> _Work instructions_: Go through the entries below and copy each line that holds the word "gives".

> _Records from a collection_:
(* Let $X$ be a locally convex Hausdorff space, $K\subset X$ a convex compact subset, $T:\mathscr{C}(K)\to\mathscr{C}(K)$ a Markov operator such that $T(h)=h$ for every $h\in A(K)$, $a\ge0$, and $(\mu_n)_{n\ge1}$ Borel probability measures on $K$. Suppose that ($c_1$) $T$ maps continuous convex functions into convex functions, and ($c_2$) $\Delta(f;x,y)\ge0$ for every convex $f\in\mathscr{C}(K)$ and every $x,y\in K$. Then each $C_n$ maps continuous convex functions into (continuous) convex functions.
   Context: $A(K)$ is the space of continuous affine functions on $K$. A Markov operator is a positive linear operator $T$ on $\mathscr{C}(K)$ with $T(\mathbf{1})=\mathbf{1}$; $(\tilde\mu_x^T)_{x\in K}$ are the Borel probability measures with $\int_Kf\,d\tilde\mu_x^T=T(f)(x)$. $C_n(f)(x)=\int_K\cdots\int_K f\big(\frac{x_1+\dots+x_n+a x_{n+1}}{n+a}\big)\,d\tilde\mu_x^T(x_1)\cdots d\tilde\mu_x^T(x_n)\,d\mu_n(x_{n+1})$. For $f\in\mathscr{C}(K)$ and $x,y\in K$, $$\Delta(f;x,y)=\iint_{K^2}f\big(\tfrac{s+t}{2}\big)d\tilde\mu_x^T(s)d\tilde\mu_x^T(t)+\iint_{K^2}f\big(\tfrac{s+t}{2}\big)d\tilde\mu_y^T(s)d\tilde\mu_y^T(t)-2\iint_{K^2}f\big(\tfrac{s+t}{2}\big)d\tilde\mu_x^T(s)d\tilde\mu_y^T(t).$$ *)

theory Defs
  imports "HOL-Analysis.Analysis" "HOL-Probability.Probability"
begin

definition lc_hausdorff_tvs :: "'a::{real_vector,t2_space} itself \<Rightarrow> bool" where
  "lc_hausdorff_tvs _ \<longleftrightarrow>
     continuous_on UNIV (\<lambda>p::'a \<times> 'a. fst p + snd p) \<and>
     continuous_on UNIV (\<lambda>p::real \<times> 'a. fst p *\<^sub>R snd p) \<and>
     (\<forall>U (x::'a). open U \<and> x \<in> U \<longrightarrow> (\<exists>V. open V \<and> convex V \<and> x \<in> V \<and> V \<subseteq> U))"

definition borel_prob_on :: "'a::topological_space set \<Rightarrow> 'a measure \<Rightarrow> bool" where
  "borel_prob_on K M \<longleftrightarrow> prob_space M \<and> space M = K \<and> sets M = sets (restrict_space borel K)"

definition affine_fun_on :: "'a::real_vector set \<Rightarrow> ('a \<Rightarrow> real) \<Rightarrow> bool" where
  "affine_fun_on K h \<longleftrightarrow> (\<forall>x\<in>K. \<forall>y\<in>K. \<forall>t::real. 0 \<le> t \<and> t \<le> 1 \<longrightarrow>
      h ((1 - t) *\<^sub>R x + t *\<^sub>R y) = (1 - t) * h x + t * h y)"

definition A_K :: "'a::{real_vector,topological_space} set \<Rightarrow> ('a \<Rightarrow> real) set" where
  "A_K K = {h. continuous_on K h \<and> affine_fun_on K h}"

definition markov_op :: "'a::topological_space set \<Rightarrow> (('a \<Rightarrow> real) \<Rightarrow> ('a \<Rightarrow> real)) \<Rightarrow> bool" where
  "markov_op K T \<longleftrightarrow>
     (\<forall>f. continuous_on K f \<longrightarrow> continuous_on K (T f)) \<and>
     (\<forall>f g (c::real) (d::real). continuous_on K f \<and> continuous_on K g \<longrightarrow>
        (\<forall>x\<in>K. T (\<lambda>y. c * f y + d * g y) x = c * T f x + d * T g x)) \<and>
     (\<forall>f. continuous_on K f \<and> (\<forall>x\<in>K. 0 \<le> f x) \<longrightarrow> (\<forall>x\<in>K. 0 \<le> T f x)) \<and>
     (\<forall>x\<in>K. T (\<lambda>_. 1) x = 1)"

text \<open>iter_int k M g = \<integral>...\<integral> g(x_1+...+x_k) dM(x_1)...dM(x_k)
  (x_1 innermost).\<close>
fun iter_int :: "nat \<Rightarrow> 'a::real_vector measure \<Rightarrow> ('a \<Rightarrow> real) \<Rightarrow> real" where
  "iter_int 0 M g = g 0"
| "iter_int (Suc k) M g = (\<integral>s. iter_int k M (\<lambda>z. g (z + s)) \<partial>M)"

text \<open>The operator C_n, with mu x = \<mu>_x^T and mus n = \<mu>_n.\<close>
definition C_op :: "('a \<Rightarrow> 'a::real_vector measure) \<Rightarrow> (nat \<Rightarrow> 'a measure) \<Rightarrow> real \<Rightarrow> nat
                    \<Rightarrow> ('a \<Rightarrow> real) \<Rightarrow> 'a \<Rightarrow> real" where
  "C_op mu mus a n f x =
     (\<integral>y. iter_int n (mu x) (\<lambda>S. f ((1 / (real n + a)) *\<^sub>R (S + a *\<^sub>R y))) \<partial>(mus n))"

definition mid_int :: "'a::real_vector measure \<Rightarrow> 'a measure \<Rightarrow> ('a \<Rightarrow> real) \<Rightarrow> real" where
  "mid_int M N f = (\<integral>t. (\<integral>s. f ((1/2) *\<^sub>R (s + t)) \<partial>M) \<partial>N)"

definition Delta :: "('a \<Rightarrow> 'a::real_vector measure) \<Rightarrow> ('a \<Rightarrow> real) \<Rightarrow> 'a \<Rightarrow> 'a \<Rightarrow> real" where
  "Delta mu f x y = mid_int (mu x) (mu x) f + mid_int (mu y) (mu y) f - 2 * mid_int (mu x) (mu y) f"

end

theory Submission
  imports Defs
begin

text \<open>For fixed y, the integrand of C_n f is x \<mapsto> \<integral>...\<integral> g(x_1 + ... + x_n) d\<mu>_x ... d\<mu>_x
  with g convex, i.e. the diagonal of H(p_1, ..., p_n) = \<integral>...\<integral> g(x_1 + ... + x_n) d\<mu>_p_1 ... d\<mu>_p_n.
  By Fubini H is symmetric; by (c1) it is convex in each variable; and (c2), applied to
  v \<mapsto> \<integral>...\<integral> g(2v + x_3 + ... + x_n), gives 2 H(x,y,...) \<le> H(x,x,...) + H(y,y,...).
  Hence k \<mapsto> H(y^k, x^(n-k)) is discretely convex and lies below its chord, and replacing the
  entries one at a time by (1-t)x + ty, using separate convexity, gives
  H(((1-t)x + ty)^n) \<le> (1-t) H(x^n) + t H(y^n).\<close>

section \<open>Integration of continuous functions on a compact set\<close>

lemma Hausdorff_space_euclidean_t2: "Hausdorff_space (euclidean :: 'a::t2_space topology)"
  unfolding Hausdorff_space_def using hausdorff by (fastforce simp: disjnt_def)

lemma compact_separating_function:
  fixes K :: "'a::t2_space set"
  assumes "compact K" "s \<in> K" "s' \<in> K" "s \<noteq> s'"
  obtains h :: "'a \<Rightarrow> real" where "continuous_on K h" "h s \<noteq> h s'"
proof -
  have "normal_space (top_of_set K)"
    by (rule compact_Hausdorff_or_regular_imp_normal_space)
       (simp_all add: compact_space_subtopology assms
          Hausdorff_space_subtopology[OF Hausdorff_space_euclidean_t2])
  then obtain f where f: "continuous_map (top_of_set K) (top_of_set {0..1::real}) f"
      "f ` {s} \<subseteq> {0}" "f ` {s'} \<subseteq> {1}"
    by (rule Urysohn_lemma[of _ "{s}" "{s'}" 0 1])
       (use assms in \<open>auto simp: closedin_singleton disjnt_def\<close>)
  then show ?thesis
    using that[of f] by (auto simp: continuous_map_subtopology_eu)
qed

lemma borel_prob_on_integrable_continuous:
  fixes h :: "'a::topological_space \<Rightarrow> real"
  assumes "compact K" "borel_prob_on K M" "continuous_on K h"
  shows "integrable M h"
proof -
  interpret prob_space M
    using assms by (auto simp: borel_prob_on_def)
  have meas: "h \<in> borel_measurable M"
    using borel_measurable_continuous_on_restrict[OF assms(3)] assms(2)
    by (auto simp: borel_prob_on_def cong: measurable_cong_sets)
  obtain B where B: "\<forall>x\<in>K. norm (h x) \<le> B"
    using compact_imp_bounded[OF compact_continuous_image[OF assms(3,1)]]
    by (auto simp: bounded_iff)
  show ?thesis
    by (rule integrable_const_bound[where B=B]) (use B meas assms(2) in \<open>auto simp: borel_prob_on_def\<close>)
qed

lemma borel_prob_on_abs_integral_le:
  fixes h :: "'a::topological_space \<Rightarrow> real"
  assumes "borel_prob_on K M" "integrable M h" "\<And>s. s \<in> K \<Longrightarrow> \<bar>h s\<bar> \<le> e"
  shows "\<bar>\<integral>s. h s \<partial>M\<bar> \<le> e"
proof -
  interpret prob_space M
    using assms by (auto simp: borel_prob_on_def)
  have "\<bar>\<integral>s. h s \<partial>M\<bar> \<le> (\<integral>s. \<bar>h s\<bar> \<partial>M)"
    by (rule integral_abs_bound)
  also have "\<dots> \<le> (\<integral>s. e \<partial>M)"
    by (rule integral_mono) (use assms in \<open>auto simp: borel_prob_on_def\<close>)
  also have "\<dots> = e"
    by (simp add: prob_space)
  finally show ?thesis .
qed

lemma continuous_on_integral_parametric:
  fixes \<phi> :: "'b::topological_space \<times> 'a::t2_space \<Rightarrow> real"
  assumes K: "compact K" and \<phi>: "continuous_on (Q \<times> K) \<phi>"
    and \<nu>: "\<And>q. q \<in> Q \<Longrightarrow> borel_prob_on K (\<nu> q)"
    and \<nu>_continuous: "\<And>h::'a \<Rightarrow> real. continuous_on K h \<Longrightarrow> continuous_on Q (\<lambda>q. \<integral>s. h s \<partial>\<nu> q)"
  shows "continuous_on Q (\<lambda>q. \<integral>s. \<phi> (q, s) \<partial>\<nu> q)"
  unfolding continuous_on_def
proof (intro ballI)
  fix q0 assume q0: "q0 \<in> Q"
  have \<phi>_slice: "continuous_on K (\<lambda>s. \<phi> (q, s))" if "q \<in> Q" for q
    by (rule continuous_on_compose2[OF \<phi>]) (auto intro!: continuous_intros simp: that)
  show "((\<lambda>q. \<integral>s. \<phi> (q, s) \<partial>\<nu> q) \<longlongrightarrow> (\<integral>s. \<phi> (q0, s) \<partial>\<nu> q0)) (at q0 within Q)"
    unfolding tendsto_iff
  proof (intro allI impI)
    fix e :: real assume e: "e > 0"
    obtain X0 where X0: "q0 \<in> X0" "open X0"
      "\<forall>x\<in>X0 \<inter> Q. \<forall>t\<in>K. dist (\<phi> (x, t)) (\<phi> (q0, t)) \<le> e/3"
      using continuous_on_prod_compactE[OF \<phi> K q0, of "e/3"] e by auto
    have near: "\<forall>\<^sub>F q in at q0 within Q. q \<in> X0 \<and> q \<in> Q"
      unfolding eventually_at_topological using X0 by blast
    have "((\<lambda>q. \<integral>s. \<phi> (q0, s) \<partial>\<nu> q) \<longlongrightarrow> (\<integral>s. \<phi> (q0, s) \<partial>\<nu> q0)) (at q0 within Q)"
      using \<nu>_continuous[OF \<phi>_slice[OF q0]] q0 unfolding continuous_on_def by blast
    then have close: "\<forall>\<^sub>F q in at q0 within Q.
        dist (\<integral>s. \<phi> (q0, s) \<partial>\<nu> q) (\<integral>s. \<phi> (q0, s) \<partial>\<nu> q0) < e/3"
      using e unfolding tendsto_iff by (meson divide_pos_pos zero_less_numeral)
    show "\<forall>\<^sub>F q in at q0 within Q. dist (\<integral>s. \<phi> (q, s) \<partial>\<nu> q) (\<integral>s. \<phi> (q0, s) \<partial>\<nu> q0) < e"
      using near close
    proof eventually_elim
      case (elim q)
      then have q: "q \<in> X0" "q \<in> Q" by auto
      have int: "integrable (\<nu> q) (\<lambda>s. \<phi> (q, s))" "integrable (\<nu> q) (\<lambda>s. \<phi> (q0, s))"
        using borel_prob_on_integrable_continuous[OF K \<nu>[OF q(2)]] \<phi>_slice q0 q by auto
      have "\<bar>\<integral>s. \<phi> (q, s) - \<phi> (q0, s) \<partial>\<nu> q\<bar> \<le> e/3"
        by (rule borel_prob_on_abs_integral_le[OF \<nu>[OF q(2)]])
           (use int X0 q in \<open>auto simp: dist_real_def\<close>)
      then have "\<bar>(\<integral>s. \<phi> (q, s) \<partial>\<nu> q) - (\<integral>s. \<phi> (q0, s) \<partial>\<nu> q)\<bar> \<le> e/3"
        using int by simp
      then show ?case
        using elim unfolding dist_real_def by linarith
    qed
  qed
qed

lemma continuous_on_inner_integral:
  fixes \<phi> :: "'a::t2_space \<times> 'a \<Rightarrow> real"
  assumes "compact K" "borel_prob_on K B" "continuous_on (K \<times> K) \<phi>"
  shows "continuous_on K (\<lambda>s. \<integral>t. \<phi> (s, t) \<partial>B)"
  using continuous_on_integral_parametric[of K K \<phi> "\<lambda>_. B"] assms by auto

lemma iterated_integral_add:
  fixes \<phi> \<psi> :: "'a::t2_space \<times> 'a \<Rightarrow> real"
  assumes K: "compact K" and A: "borel_prob_on K A" and B: "borel_prob_on K B"
    and \<phi>: "continuous_on (K \<times> K) \<phi>" and \<psi>: "continuous_on (K \<times> K) \<psi>"
  shows "(\<integral>s. (\<integral>t. \<phi> (s, t) + \<psi> (s, t) \<partial>B) \<partial>A)
       = (\<integral>s. (\<integral>t. \<phi> (s, t) \<partial>B) \<partial>A) + (\<integral>s. (\<integral>t. \<psi> (s, t) \<partial>B) \<partial>A)"
proof -
  have "(\<integral>t. \<phi> (s, t) + \<psi> (s, t) \<partial>B) = (\<integral>t. \<phi> (s, t) \<partial>B) + (\<integral>t. \<psi> (s, t) \<partial>B)"
    if "s \<in> space A" for s
  proof -
    have s: "s \<in> K" using that A by (auto simp: borel_prob_on_def)
    have "continuous_on K (\<lambda>t. \<phi> (s, t))" "continuous_on K (\<lambda>t. \<psi> (s, t))"
      by (rule continuous_on_compose2[OF \<phi>] continuous_on_compose2[OF \<psi>],
          auto intro!: continuous_intros simp: s)+
    then show ?thesis
      using borel_prob_on_integrable_continuous[OF K B] by simp
  qed
  then have "(\<integral>s. (\<integral>t. \<phi> (s, t) + \<psi> (s, t) \<partial>B) \<partial>A)
      = (\<integral>s. (\<integral>t. \<phi> (s, t) \<partial>B) + (\<integral>t. \<psi> (s, t) \<partial>B) \<partial>A)"
    by (rule Bochner_Integration.integral_cong[OF refl])
  also have "\<dots> = (\<integral>s. (\<integral>t. \<phi> (s, t) \<partial>B) \<partial>A) + (\<integral>s. (\<integral>t. \<psi> (s, t) \<partial>B) \<partial>A)"
    using borel_prob_on_integrable_continuous[OF K A continuous_on_inner_integral[OF K B]] \<phi> \<psi>
    by simp
  finally show ?thesis .
qed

> _Response to this task_:
  v \<mapsto> \<integral>...\<integral> g(2v + x_3 + ... + x_n), gives 2 H(x,y,...) \<le> H(x,x,...) + H(y,y,...).
  entries one at a time by (1-t)x + ty, using separate convexity, gives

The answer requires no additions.